HEAPS! Yes HEAPS of gluten free donut recipes. All is not lost.  Now to experiment..

I liked the idea of baked not fried (hence the donut pan) and so I road-tested an Apple Cider Baked Donut recipe except that I didn't in fact have any Apple Cider on hand..  
however, I did happen to have Apple Cider Vinegar.  Turns out, not the greatest substitution haha 
but hey - nothing ventured, nothing gained right?  
You will find an excellent Apple Cider recipe HERE from Gluten Free on a Shoestring
but you know what? Sure mine were DIFFERENT tasting but they weren't awful.  

Anyway further experimentation saw me making donuts today with sour cream.
Sour Cream has long been used in baking, yielding great results.   Those using this ingredient believe the end product to be moist and richer in taste.  Lets see shall we?

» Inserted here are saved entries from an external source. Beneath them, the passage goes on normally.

lemma periodic_if_short_local_periods:
  assumes "\<And>L. has_short_local_period m L x"
  shows "\<exists>p\<ge>1. \<forall>n. x (n + p) = x n"
proof -
  have "\<exists>p. 1 \<le> p \<and> p < int m \<and> (\<forall>L. locally_periodic L p x)"
  proof (rule ccontr)
    assume "\<not> ?thesis"
    then have "\<forall>p\<in>{1..<int m}. \<exists>L. \<not> locally_periodic L p x"
      by auto
    then obtain f where f: "\<And>p. p \<in> {1..<int m} \<Longrightarrow> \<not> locally_periodic (f p) p x"
      by metis
    define L where "L = (\<Sum>p\<in>{1..<int m}. f p)"
    have "\<not> locally_periodic L p x" if "p \<in> {1..<int m}" for p
      using f[OF that] locally_periodic_mono member_le_sum[OF that, of f] by (auto simp: L_def)
    with assms[of L] show False
      unfolding has_short_local_period_def by auto
  qed
  then obtain p where "1 \<le> p" and p: "\<And>L. locally_periodic L p x"
    by blast
  have "x (n + p) = x n" for n
    using p[of "nat (\<bar>n\<bar> + \<bar>p\<bar>)"] unfolding locally_periodic_def by (auto elim!: allE[of _ n])
  with \<open>1 \<le> p\<close> show ?thesis
    by blast
qed

lemma exists_window_without_short_local_period:
  assumes "marker_process \<mu>" and "aperiodic \<mu>"
  obtains L where "measure \<mu> {x. x 0 \<and> \<not> has_short_local_period m L x} \<noteq> 0"
proof -
  interpret stationary_process \<mu>
    using assms(1) by (rule stationary_process_if_marker_process)
  have sets: "{x. x 0 \<and> \<not> has_short_local_period m L x} \<in> sets seqM" for L
    by (intro sets_Collect_seqM) measurable
  have "\<exists>L. prob {x. x 0 \<and> \<not> has_short_local_period m L x} \<noteq> 0"
  proof (rule ccontr)
    assume "\<nexists>L. prob {x. x 0 \<and> \<not> has_short_local_period m L x} \<noteq> 0"
    then have "AE x in \<mu>. x 0 \<longrightarrow> has_short_local_period m L x" for L
      using prob_eq_0 sets by auto
    then have "AE x in \<mu>. \<forall>L. x 0 \<longrightarrow> has_short_local_period m L x"
      by (subst AE_all_countable) blast
    with assms(2) have "AE x in \<mu>. \<not> x 0"
      unfolding aperiodic_def by eventually_elim (use periodic_if_short_local_periods in blast)
    then have "AE x in \<mu>. \<forall>n. \<not> x n"
      by (rule AE_no_ones_if_not_at_0)
    with assms(1) show False
      by (simp add: marker_process_def)
  qed
  with that show ?thesis
    by blast
qed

So the following has been adapted from a recipe by The Semisweet Sisters  

1/2 cup sour cream
1 large egg (I use 700g free range)
1/2 teaspoon vanilla extract
1/4 cup rice bran oil
1/2 cup sugar
1 cup gluten free plain flour ( I use White Wings)
1/2 teaspoon xanthan gum
1/2 teaspoon Bi-carb Soda
1/4 teaspoon nutmeg
1/4 teaspoon salt

Pre-heat oven to 180° C
Spray donut pan with cooking oil or alternatively, butter well
Combine sour cream, egg vanilla, oil & sugar on a  medium speed in a mixer
Add dry ingredients and mix until all ingredients are combined
Fill an icing bag with donut batter (for ease of transfer to donut pan).  Fill each mould to about 2/3 full and bake for 15 minutes until just browning around the edges.
Allow to cool in pan for approximately 5 minutes then invert onto a cake rack.

1 cup pure icing sugar
1 tablespoon GF cocoa powder
2-4 teaspoons of milk
(add additional milk a little at a time to achieve the right consistency - not too runny) 

Dip the top of each donut in the glaze and kind of twist each one, ensuring the top is coated well and then turn over onto a plate (lined with baking paper) to set.

The verdict..
My kids wolfed these down.  I hope you enjoy these as much as we do :) 

Tuesday, 24 March 2015

Gluten Free Madeleines

MADELEINES!  One of the school mums had mentioned how her husband (I know right? Fantastic!) loved to make Madeleines.  I had never heard of them before so I did some research and introduced myself to the delicate French teacake. I had seen the beautiful shell mould pans in kitchen shops many times and thought to myself - a gluten free version? 
How hard could it be?

Turns out.. not hard at all.  ENJOY! 

4 eggs
2/3 cup sugar
1/4 tsp salt
1 tsp vanilla extract
1/2 cup butter (melted & cooled)
1 cup GF plain flour (sifted)  *I used White Wings GF Flour
1 tsp lemon zest

Pre-heat oven to 195°C 
Butter Madeleine pan very well, sprinkle with flour and tap out excess

Using an electric mixer, beat eggs, sugar & salt together until a pale fluffy consistency is achieved.  Add vanilla halfway through process
Add flour, a little at a time and mix well after each addition
Add lemon zest (optional)
Remove bowl from mixer,  add butter and FOLD in until totally incorporated into mix

I used a small ice-cream scoop* to fill my moulds purely for ease of transferring batter across and to ensure consistency in size.  
(*smaller than the regular sized scoop - purchased from a kitchen shop) 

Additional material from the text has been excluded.